EduGAIN

eduGAIN
PurposeInternational interfederation service
Region served
Worldwide
Websitewww.edugain.org/technical/

eduGAIN is an international interfederation service interconnecting research and education identity federations. It enables the secure exchange of information related to identity, authentication and authorization between participating federations. The service is managed by a team led by TERENA. eduGAIN® is a registered trademark of DANTE.

Service description

The eduGAIN service enables participating federations, which primarily serve the authentication and authorisation interests of research and education sectors, to interfederate. eduGAIN provides an infrastructure for establishing trusted communications between identity providers and service providers in different participating federations. End-users authenticate at identity providers and obtain access to service providers. Technically, eduGAIN is managed by aggregating and distributing signed SAML 2.0 metadata files.

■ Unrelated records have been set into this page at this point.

lemma hist_measurable[measurable]: "hist \<in> borel_measurable lborel"
  using lborel.borel_measurable_lebesgue_integral[of "\<lambda>s \<sigma>. K0 (s - \<sigma>) *\<^sub>R \<xi>z \<sigma>" lborel] hist_integrand_measurable
  by (simp add: hist_def[abs_def] case_prod_beta')

lemma integrable_K0_sq_reflect: "integrable lborel (\<lambda>\<sigma>. (K0 (s - \<sigma>))^2)"
  using lborel_integrable_shift(2)[OF integrable_K0_sq, of s] by simp

lemma norm_hist_le: "norm (hist s) \<le> c_hist"
proof -
  have "norm (hist s) \<le> (\<integral>\<sigma>. ((K0 (s - \<sigma>))^2 + (norm (\<xi>z \<sigma>))^2) / 2 \<partial>lborel)"
    unfolding hist_def
  proof (rule norm_integral_le_integral)
    show "integrable lborel (\<lambda>\<sigma>. ((K0 (s - \<sigma>))^2 + (norm (\<xi>z \<sigma>))^2) / 2)"
      using integrable_K0_sq_reflect integrable_xiz_sq by simp
    show "AE \<sigma> in lborel. norm (K0 (s - \<sigma>) *\<^sub>R \<xi>z \<sigma>) \<le> ((K0 (s - \<sigma>))^2 + (norm (\<xi>z \<sigma>))^2) / 2"
      using abs_mult_le_half_sum_sq[of "K0 (s - _)" "norm (\<xi>z _)"] by simp
  qed
  also have "\<dots> = ((\<integral>\<sigma>. (K0 (s - \<sigma>))^2 \<partial>lborel) + (\<integral>\<sigma>. (norm (\<xi>z \<sigma>))^2 \<partial>lborel)) / 2"
    using integrable_K0_sq_reflect integrable_xiz_sq by simp
  also have "(\<integral>\<sigma>. (K0 (s - \<sigma>))^2 \<partial>lborel) = (\<integral>s. (K0 s)^2 \<partial>lborel)"
    using lborel_integral_reflect[of "\<lambda>r. (K0 r)^2" s] by simp
  finally show ?thesis by (simp add: c_hist_def)
qed

lemma set_integral_history_eq_hist: assumes s: "s \<in> {\<tau>..T}"
  shows "set_lebesgue_integral lborel {0..\<tau>} (\<lambda>\<sigma>. K (s - \<sigma>) *\<^sub>R \<xi> \<sigma>) = hist s"
  unfolding set_lebesgue_integral_def hist_def
  by (rule Bochner_Integration.integral_cong) (use s in \<open>auto simp: \<xi>z_def K0_def indicator_def\<close>)

abbreviation "R \<equiv> Rres S K"

definition "forcing s = hist_z s + Bu s"
definition "forcing_bnd s = indicator {\<tau>..T} s * c_hist + nB * norm (uz s)"
definition "free_sol t = S (clamp T (t - \<tau>)) \<xi>0 + conv_from T S \<tau> t forcing"
definition "c_free = cS * norm \<xi>0 + cS * (\<integral>s. forcing_bnd s \<partial>lborel)"
definition "free_sol_z t = indicator {\<tau>..T} t *\<^sub>R free_sol t"
definition "sol_var t = free_sol t - conv_from T R \<tau> t free_sol_z"

lemma hist_z_measurable[measurable]: "hist_z \<in> borel_measurable lborel" unfolding hist_z_def[abs_def] by measurable
lemma norm_hist_z_le: "norm (hist_z s) \<le> indicator {\<tau>..T} s * c_hist"
  using norm_hist_le[of s] by (simp add: hist_z_def indicator_def)
lemma forcing_measurable[measurable]: "forcing \<in> borel_measurable lborel" unfolding forcing_def[abs_def] by measurable
lemma integrable_forcing_bnd: "integrable lborel forcing_bnd"
  unfolding forcing_bnd_def[abs_def] by (intro Bochner_Integration.integrable_add integrable_indicator_Icc_const integrable_Bu_bnd)
lemma norm_forcing_le: "norm (forcing s) \<le> forcing_bnd s"
  unfolding forcing_def forcing_bnd_def using norm_hist_z_le[of s] norm_Bu_le[of s] norm_triangle_ineq[of "hist_z s" "Bu s"] by linarith

lemma free_sol_measurable[measurable]: "free_sol \<in> borel_measurable lborel"
proof -
  have "(\<lambda>t. S (clamp T (t - \<tau>)) \<xi>0) \<in> borel_measurable lborel" by measurable
  moreover have "(\<lambda>t. conv_from T S \<tau> t forcing) \<in> borel_measurable lborel"
    by (rule conv_from_measurable[OF op_family_S T_nonneg cS_nonneg forcing_measurable])
  ultimately show ?thesis unfolding free_sol_def[abs_def] by measurable
qed

lemma norm_free_sol_le: "norm (free_sol t) \<le> c_free"
proof -
  have "norm (free_sol t) \<le> norm (S (clamp T (t - \<tau>)) \<xi>0) + norm (conv_from T S \<tau> t forcing)"
    unfolding free_sol_def by (rule norm_triangle_ineq)
  also have "norm (S (clamp T (t - \<tau>)) \<xi>0) \<le> cS * norm \<xi>0" by (rule norm_S_le[OF clamp_in[OF T_nonneg]])
  also have "norm (conv_from T S \<tau> t forcing) \<le> cS * (\<integral>s. forcing_bnd s \<partial>lborel)"
    by (rule norm_conv_from_le[OF op_family_S T_nonneg cS_nonneg integrable_forcing_bnd norm_forcing_le])
  finally show ?thesis by (simp add: c_free_def)
qed

lemma free_sol_z_measurable[measurable]: "free_sol_z \<in> borel_measurable lborel" unfolding free_sol_z_def[abs_def] by measurable
lemma norm_free_sol_z_le: "norm (free_sol_z t) \<le> indicator {\<tau>..T} t * c_free"
  using norm_free_sol_le[of t] by (simp add: free_sol_z_def indicator_def)
lemma sol_var_measurable[measurable]: "sol_var \<in> borel_measurable lborel"
proof -
  have "(\<lambda>t. conv_from T R \<tau> t free_sol_z) \<in> borel_measurable lborel"
    by (rule conv_from_measurable[OF op_family_Rres T_nonneg cR_nonneg free_sol_z_measurable])
  thus ?thesis unfolding sol_var_def[abs_def] by measurable
qed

To join eduGAIN, the parent organisation of a federation must sign the eduGAIN policy declaration[1] and submit it to the TERENA Secretariat for the attention of the eduGAIN Operations Team. The Operations Team deals with daily technical issues in the eduGAIN service provision, receives enquiries about eduGAIN and forwards them to the appropriate body, receives and processes applications from federations to join the service, prepares and publishes a federation operational practice statement for the eduGAIN interfederation service, and prepares an audit plan for the eduGAIN operational practices on the request of the eduGAIN Steering Group.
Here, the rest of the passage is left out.